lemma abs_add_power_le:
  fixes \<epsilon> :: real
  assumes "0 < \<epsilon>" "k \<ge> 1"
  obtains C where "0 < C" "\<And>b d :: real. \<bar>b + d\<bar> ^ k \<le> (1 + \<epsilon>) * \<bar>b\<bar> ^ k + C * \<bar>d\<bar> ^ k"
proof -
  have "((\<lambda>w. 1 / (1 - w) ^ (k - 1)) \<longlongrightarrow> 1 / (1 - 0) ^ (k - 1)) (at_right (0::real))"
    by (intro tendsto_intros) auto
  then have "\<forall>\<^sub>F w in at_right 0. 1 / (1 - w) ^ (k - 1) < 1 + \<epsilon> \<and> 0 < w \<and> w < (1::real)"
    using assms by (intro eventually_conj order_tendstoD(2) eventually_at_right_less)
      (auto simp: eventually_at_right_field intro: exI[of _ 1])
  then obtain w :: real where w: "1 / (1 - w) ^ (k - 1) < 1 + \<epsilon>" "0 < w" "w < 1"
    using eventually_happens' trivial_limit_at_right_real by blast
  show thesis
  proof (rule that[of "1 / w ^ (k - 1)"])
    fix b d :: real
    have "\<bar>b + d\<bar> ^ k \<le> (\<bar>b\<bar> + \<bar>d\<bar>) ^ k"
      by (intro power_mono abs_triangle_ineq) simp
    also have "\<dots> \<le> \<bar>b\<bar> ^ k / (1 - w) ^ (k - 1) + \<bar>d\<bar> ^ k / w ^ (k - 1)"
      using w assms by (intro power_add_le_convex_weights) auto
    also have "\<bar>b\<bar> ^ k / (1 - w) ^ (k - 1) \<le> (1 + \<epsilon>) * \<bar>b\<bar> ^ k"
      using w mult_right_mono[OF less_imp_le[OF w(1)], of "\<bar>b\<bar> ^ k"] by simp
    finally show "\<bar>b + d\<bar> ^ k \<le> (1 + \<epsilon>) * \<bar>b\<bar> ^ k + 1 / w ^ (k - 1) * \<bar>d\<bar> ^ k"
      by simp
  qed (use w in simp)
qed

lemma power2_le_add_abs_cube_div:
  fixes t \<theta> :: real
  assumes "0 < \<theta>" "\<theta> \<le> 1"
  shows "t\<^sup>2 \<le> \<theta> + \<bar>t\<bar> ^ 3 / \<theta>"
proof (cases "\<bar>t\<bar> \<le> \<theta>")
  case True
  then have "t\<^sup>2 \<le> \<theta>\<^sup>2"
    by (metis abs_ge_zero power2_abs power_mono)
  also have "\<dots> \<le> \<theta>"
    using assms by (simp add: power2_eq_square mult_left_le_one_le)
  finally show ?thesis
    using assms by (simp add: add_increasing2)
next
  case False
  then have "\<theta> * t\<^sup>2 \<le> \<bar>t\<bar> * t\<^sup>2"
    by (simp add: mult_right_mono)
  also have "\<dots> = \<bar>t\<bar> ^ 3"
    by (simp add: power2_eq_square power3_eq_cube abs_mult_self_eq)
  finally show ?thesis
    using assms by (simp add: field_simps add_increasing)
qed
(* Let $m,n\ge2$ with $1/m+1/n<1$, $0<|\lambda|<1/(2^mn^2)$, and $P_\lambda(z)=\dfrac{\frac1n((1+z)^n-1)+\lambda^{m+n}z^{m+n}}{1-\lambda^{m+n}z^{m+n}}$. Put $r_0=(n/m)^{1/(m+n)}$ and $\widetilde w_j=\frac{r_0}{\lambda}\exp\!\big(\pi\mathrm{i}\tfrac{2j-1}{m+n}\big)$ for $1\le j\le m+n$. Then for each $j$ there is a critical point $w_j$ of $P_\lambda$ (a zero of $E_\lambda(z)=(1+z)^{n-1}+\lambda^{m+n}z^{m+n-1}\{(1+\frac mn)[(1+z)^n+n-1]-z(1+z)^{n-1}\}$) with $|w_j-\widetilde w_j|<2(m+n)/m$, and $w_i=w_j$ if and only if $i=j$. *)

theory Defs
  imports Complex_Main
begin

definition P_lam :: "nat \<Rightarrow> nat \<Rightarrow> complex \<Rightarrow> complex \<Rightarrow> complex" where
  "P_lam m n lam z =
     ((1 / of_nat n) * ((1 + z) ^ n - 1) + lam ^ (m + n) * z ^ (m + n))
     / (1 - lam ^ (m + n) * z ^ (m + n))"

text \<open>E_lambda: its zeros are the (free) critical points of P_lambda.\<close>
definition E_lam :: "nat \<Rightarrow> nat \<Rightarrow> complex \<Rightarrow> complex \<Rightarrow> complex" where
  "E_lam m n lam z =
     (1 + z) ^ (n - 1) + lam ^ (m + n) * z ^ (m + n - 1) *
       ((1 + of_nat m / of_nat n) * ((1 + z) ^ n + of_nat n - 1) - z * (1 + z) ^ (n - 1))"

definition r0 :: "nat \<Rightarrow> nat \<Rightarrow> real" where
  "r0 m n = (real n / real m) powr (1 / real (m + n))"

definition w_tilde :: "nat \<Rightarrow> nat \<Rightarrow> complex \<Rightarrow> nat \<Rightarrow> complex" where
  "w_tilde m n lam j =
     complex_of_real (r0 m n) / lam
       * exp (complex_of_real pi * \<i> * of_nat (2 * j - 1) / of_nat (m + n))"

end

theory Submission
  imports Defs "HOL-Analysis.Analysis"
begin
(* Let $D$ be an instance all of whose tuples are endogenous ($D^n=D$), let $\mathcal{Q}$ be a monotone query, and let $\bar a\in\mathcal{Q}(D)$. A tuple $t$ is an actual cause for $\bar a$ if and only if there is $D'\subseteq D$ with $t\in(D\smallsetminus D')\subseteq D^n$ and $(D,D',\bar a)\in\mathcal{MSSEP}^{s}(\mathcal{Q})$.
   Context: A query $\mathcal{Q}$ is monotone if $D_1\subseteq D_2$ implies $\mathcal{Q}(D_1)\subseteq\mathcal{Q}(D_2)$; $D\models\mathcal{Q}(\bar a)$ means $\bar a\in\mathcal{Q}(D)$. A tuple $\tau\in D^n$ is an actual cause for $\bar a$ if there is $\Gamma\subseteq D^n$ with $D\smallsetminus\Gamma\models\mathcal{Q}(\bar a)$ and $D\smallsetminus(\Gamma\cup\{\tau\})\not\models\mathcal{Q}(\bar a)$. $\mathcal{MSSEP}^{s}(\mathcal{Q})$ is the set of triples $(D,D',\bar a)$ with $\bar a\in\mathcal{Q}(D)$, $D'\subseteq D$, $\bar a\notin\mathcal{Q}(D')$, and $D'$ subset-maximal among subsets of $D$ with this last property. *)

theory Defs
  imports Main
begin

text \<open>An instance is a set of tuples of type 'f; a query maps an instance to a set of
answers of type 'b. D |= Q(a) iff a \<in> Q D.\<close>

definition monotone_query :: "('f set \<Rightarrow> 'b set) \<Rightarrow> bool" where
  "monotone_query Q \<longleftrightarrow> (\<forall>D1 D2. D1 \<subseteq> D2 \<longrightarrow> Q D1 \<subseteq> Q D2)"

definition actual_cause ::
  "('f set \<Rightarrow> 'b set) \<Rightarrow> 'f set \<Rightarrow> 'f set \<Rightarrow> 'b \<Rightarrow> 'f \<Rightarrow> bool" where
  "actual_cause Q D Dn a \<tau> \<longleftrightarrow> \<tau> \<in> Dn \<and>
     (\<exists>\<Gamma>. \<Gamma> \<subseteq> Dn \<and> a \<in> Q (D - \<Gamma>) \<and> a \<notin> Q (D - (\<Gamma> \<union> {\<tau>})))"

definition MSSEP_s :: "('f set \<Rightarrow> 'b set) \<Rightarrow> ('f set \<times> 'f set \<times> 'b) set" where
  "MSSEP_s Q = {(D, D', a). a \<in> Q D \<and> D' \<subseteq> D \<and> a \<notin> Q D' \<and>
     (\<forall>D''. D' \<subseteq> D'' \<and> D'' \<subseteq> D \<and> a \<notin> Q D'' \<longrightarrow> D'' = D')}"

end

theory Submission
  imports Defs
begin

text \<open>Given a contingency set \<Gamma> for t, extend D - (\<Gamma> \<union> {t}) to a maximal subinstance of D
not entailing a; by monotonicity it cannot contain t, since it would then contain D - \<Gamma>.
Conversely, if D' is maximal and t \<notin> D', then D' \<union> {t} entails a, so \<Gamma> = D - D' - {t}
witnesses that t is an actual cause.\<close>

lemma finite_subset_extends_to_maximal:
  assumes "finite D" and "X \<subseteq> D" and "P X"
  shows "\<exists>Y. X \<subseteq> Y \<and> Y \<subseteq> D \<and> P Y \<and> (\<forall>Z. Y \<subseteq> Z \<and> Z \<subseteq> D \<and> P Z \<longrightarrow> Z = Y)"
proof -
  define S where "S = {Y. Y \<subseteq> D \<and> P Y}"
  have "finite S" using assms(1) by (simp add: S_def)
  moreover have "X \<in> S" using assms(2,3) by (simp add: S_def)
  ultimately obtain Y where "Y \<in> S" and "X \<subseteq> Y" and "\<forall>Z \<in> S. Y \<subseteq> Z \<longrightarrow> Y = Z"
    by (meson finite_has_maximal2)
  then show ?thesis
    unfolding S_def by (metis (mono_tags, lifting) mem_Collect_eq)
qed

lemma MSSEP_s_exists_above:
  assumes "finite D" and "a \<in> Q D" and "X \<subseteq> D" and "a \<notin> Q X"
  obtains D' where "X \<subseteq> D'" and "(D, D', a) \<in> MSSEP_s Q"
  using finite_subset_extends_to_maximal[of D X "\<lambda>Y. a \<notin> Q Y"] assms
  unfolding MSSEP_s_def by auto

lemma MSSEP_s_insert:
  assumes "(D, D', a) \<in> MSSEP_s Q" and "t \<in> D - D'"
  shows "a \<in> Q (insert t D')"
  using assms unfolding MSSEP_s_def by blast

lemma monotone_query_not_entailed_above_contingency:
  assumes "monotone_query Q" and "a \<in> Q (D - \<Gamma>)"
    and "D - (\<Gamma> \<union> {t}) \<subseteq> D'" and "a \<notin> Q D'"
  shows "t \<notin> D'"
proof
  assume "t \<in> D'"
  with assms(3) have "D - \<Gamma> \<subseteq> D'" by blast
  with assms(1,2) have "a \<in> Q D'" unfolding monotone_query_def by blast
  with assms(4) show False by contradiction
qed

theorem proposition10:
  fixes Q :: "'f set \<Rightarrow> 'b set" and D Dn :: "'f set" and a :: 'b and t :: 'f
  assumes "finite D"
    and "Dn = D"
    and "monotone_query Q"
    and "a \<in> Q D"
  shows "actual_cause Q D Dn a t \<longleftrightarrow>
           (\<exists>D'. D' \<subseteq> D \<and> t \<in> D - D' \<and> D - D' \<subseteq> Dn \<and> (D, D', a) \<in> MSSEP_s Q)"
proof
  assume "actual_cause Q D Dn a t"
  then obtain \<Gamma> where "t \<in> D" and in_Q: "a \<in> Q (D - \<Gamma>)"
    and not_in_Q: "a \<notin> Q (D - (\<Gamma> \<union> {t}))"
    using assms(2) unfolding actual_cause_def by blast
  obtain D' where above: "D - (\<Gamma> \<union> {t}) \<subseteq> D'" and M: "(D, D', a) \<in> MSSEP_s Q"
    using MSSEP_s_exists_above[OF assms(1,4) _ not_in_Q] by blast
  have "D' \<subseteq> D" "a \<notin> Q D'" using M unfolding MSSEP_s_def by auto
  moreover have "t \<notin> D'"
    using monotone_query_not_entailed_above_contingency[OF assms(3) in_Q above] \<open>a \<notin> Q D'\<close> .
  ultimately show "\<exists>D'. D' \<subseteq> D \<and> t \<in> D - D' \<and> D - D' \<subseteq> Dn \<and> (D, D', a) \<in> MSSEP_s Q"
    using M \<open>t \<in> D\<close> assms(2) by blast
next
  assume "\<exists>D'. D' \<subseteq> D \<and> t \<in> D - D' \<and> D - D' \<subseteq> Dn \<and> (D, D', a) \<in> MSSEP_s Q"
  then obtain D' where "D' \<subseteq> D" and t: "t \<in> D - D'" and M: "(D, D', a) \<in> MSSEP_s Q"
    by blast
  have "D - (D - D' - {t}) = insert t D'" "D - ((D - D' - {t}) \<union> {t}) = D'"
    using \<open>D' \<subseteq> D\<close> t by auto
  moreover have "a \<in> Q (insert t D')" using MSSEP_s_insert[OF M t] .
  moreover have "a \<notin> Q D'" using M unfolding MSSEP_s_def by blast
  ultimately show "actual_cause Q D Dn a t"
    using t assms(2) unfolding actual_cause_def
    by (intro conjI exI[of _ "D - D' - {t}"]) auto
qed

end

__________________________________________________

Your task is to set down exactly the lines from the line containing "using \<open>D' \<subseteq>" to the end of the data above, including both ends.

    using \<open>D' \<subseteq> D\<close> t by auto
  moreover have "a \<in> Q (insert t D')" using MSSEP_s_insert[OF M t] .
  moreover have "a \<notin> Q D'" using M unfolding MSSEP_s_def by blast
  ultimately show "actual_cause Q D Dn a t"
    using t assms(2) unfolding actual_cause_def
    by (intro conjI exI[of _ "D - D' - {t}"]) auto
qed

end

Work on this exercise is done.